§ **Exercise**:
Take the material below and output exactly the run of lines from the one containing "(nat \<times> nat)" down to the one containing "u)) (unif_list (lit_list n))", with both included.
(Input for this task)
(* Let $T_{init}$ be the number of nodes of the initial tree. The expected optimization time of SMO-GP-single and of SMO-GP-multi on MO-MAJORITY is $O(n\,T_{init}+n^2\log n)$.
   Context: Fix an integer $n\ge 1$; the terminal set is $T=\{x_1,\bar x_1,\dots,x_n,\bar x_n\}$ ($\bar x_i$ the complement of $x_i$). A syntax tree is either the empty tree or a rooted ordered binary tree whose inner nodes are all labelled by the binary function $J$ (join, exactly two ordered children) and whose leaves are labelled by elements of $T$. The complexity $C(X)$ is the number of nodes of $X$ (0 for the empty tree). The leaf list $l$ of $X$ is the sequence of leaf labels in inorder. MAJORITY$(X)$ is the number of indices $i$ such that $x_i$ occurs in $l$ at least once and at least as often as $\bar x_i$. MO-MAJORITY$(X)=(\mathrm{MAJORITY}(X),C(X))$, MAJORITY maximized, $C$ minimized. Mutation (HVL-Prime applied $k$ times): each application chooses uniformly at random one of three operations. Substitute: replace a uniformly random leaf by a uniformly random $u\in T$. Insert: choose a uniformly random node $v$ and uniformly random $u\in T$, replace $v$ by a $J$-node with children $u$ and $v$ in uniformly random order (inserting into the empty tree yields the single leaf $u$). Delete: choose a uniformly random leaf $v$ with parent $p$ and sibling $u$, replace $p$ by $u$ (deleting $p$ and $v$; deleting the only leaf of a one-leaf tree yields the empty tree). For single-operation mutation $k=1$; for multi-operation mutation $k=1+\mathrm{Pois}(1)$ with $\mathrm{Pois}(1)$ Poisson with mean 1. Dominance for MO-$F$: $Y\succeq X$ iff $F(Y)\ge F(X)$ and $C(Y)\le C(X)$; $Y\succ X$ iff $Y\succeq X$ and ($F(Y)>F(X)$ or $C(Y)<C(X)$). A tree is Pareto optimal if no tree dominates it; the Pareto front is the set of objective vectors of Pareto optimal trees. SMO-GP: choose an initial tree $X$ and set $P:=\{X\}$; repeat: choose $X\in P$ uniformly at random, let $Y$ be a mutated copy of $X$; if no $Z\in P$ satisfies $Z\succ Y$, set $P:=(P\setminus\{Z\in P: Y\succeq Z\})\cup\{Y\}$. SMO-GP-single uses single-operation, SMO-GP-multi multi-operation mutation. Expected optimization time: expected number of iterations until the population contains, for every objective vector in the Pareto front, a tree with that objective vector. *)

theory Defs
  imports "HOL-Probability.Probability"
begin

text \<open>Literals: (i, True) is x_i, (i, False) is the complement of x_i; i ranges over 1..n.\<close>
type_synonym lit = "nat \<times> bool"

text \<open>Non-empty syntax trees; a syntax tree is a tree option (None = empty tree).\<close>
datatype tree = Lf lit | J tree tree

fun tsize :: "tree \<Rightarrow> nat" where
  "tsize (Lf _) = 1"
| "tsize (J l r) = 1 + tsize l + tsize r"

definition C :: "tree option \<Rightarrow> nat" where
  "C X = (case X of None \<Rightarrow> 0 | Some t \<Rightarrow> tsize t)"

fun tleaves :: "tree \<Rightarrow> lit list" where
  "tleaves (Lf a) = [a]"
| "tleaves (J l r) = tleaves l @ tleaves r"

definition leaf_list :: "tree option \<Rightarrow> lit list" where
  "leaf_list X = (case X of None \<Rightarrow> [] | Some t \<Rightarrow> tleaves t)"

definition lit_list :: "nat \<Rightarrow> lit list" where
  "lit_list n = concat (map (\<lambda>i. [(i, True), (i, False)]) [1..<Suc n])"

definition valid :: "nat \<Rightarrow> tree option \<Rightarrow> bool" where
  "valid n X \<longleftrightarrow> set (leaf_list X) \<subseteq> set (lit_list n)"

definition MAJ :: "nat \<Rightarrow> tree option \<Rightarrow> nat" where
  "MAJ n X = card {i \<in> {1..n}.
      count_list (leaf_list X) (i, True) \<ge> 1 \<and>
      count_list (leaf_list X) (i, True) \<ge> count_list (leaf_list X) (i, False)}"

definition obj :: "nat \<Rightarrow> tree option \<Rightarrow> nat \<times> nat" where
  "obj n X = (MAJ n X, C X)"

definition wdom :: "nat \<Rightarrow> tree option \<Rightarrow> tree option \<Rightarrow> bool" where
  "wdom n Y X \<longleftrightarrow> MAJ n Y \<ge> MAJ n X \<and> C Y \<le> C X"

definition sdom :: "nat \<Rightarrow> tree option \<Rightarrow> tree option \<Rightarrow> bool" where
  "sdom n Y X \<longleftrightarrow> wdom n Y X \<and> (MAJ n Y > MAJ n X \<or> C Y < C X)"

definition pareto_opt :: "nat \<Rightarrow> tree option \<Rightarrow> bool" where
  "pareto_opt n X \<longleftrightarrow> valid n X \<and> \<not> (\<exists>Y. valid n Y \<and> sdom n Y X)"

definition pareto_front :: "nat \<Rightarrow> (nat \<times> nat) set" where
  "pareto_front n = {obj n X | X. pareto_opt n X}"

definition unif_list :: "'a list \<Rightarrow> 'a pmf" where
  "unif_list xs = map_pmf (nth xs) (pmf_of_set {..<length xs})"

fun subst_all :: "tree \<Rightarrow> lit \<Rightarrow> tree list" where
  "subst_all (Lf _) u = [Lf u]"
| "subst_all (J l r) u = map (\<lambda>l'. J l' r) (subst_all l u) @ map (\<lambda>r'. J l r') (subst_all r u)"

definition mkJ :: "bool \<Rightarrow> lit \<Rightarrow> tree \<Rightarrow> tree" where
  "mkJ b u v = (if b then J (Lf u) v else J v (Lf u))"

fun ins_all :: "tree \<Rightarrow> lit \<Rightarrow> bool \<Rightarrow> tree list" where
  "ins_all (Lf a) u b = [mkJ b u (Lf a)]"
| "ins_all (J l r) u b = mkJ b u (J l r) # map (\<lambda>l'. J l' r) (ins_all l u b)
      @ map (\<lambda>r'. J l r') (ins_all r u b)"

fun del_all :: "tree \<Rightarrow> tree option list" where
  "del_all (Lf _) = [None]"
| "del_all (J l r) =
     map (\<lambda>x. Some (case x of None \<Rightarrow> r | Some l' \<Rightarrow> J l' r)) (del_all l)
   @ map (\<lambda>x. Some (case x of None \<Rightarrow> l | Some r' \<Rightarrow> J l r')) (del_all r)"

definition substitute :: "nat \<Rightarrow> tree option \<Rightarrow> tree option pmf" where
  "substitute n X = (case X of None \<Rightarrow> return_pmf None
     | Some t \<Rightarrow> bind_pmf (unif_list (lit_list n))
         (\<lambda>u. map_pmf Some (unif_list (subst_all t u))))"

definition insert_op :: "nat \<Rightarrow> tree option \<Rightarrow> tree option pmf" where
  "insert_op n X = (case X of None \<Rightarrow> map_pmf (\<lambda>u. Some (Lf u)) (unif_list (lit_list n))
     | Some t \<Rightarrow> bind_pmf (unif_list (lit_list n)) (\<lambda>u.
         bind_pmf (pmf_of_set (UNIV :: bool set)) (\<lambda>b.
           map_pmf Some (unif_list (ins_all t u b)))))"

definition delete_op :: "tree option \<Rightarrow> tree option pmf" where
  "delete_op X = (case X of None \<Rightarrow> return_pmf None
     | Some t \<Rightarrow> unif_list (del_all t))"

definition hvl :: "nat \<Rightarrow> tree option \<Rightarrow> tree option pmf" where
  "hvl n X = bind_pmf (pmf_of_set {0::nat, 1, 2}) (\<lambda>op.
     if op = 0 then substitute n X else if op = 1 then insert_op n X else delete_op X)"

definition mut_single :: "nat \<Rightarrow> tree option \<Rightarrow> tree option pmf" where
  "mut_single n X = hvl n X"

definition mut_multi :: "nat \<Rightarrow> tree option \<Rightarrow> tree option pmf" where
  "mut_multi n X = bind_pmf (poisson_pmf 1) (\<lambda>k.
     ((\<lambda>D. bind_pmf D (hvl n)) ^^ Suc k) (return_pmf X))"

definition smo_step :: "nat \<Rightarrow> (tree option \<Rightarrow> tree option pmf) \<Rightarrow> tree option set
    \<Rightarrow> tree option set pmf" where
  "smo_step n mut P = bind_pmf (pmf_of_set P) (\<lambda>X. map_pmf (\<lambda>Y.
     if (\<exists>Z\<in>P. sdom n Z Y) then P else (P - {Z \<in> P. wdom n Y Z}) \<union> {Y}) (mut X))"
(End Input for this task)
§ **Answer for this exercise**:
definition pareto_front :: "nat \<Rightarrow> (nat \<times> nat) set" where
  "pareto_front n = {obj n X | X. pareto_opt n X}"

definition unif_list :: "'a list \<Rightarrow> 'a pmf" where
  "unif_list xs = map_pmf (nth xs) (pmf_of_set {..<length xs})"

fun subst_all :: "tree \<Rightarrow> lit \<Rightarrow> tree list" where
  "subst_all (Lf _) u = [Lf u]"
| "subst_all (J l r) u = map (\<lambda>l'. J l' r) (subst_all l u) @ map (\<lambda>r'. J l r') (subst_all r u)"

definition mkJ :: "bool \<Rightarrow> lit \<Rightarrow> tree \<Rightarrow> tree" where
  "mkJ b u v = (if b then J (Lf u) v else J v (Lf u))"

fun ins_all :: "tree \<Rightarrow> lit \<Rightarrow> bool \<Rightarrow> tree list" where
  "ins_all (Lf a) u b = [mkJ b u (Lf a)]"
| "ins_all (J l r) u b = mkJ b u (J l r) # map (\<lambda>l'. J l' r) (ins_all l u b)
      @ map (\<lambda>r'. J l r') (ins_all r u b)"

fun del_all :: "tree \<Rightarrow> tree option list" where
  "del_all (Lf _) = [None]"
| "del_all (J l r) =
     map (\<lambda>x. Some (case x of None \<Rightarrow> r | Some l' \<Rightarrow> J l' r)) (del_all l)
   @ map (\<lambda>x. Some (case x of None \<Rightarrow> l | Some r' \<Rightarrow> J l r')) (del_all r)"

definition substitute :: "nat \<Rightarrow> tree option \<Rightarrow> tree option pmf" where
  "substitute n X = (case X of None \<Rightarrow> return_pmf None
     | Some t \<Rightarrow> bind_pmf (unif_list (lit_list n))
         (\<lambda>u. map_pmf Some (unif_list (subst_all t u))))"

definition insert_op :: "nat \<Rightarrow> tree option \<Rightarrow> tree option pmf" where
  "insert_op n X = (case X of None \<Rightarrow> map_pmf (\<lambda>u. Some (Lf u)) (unif_list (lit_list n))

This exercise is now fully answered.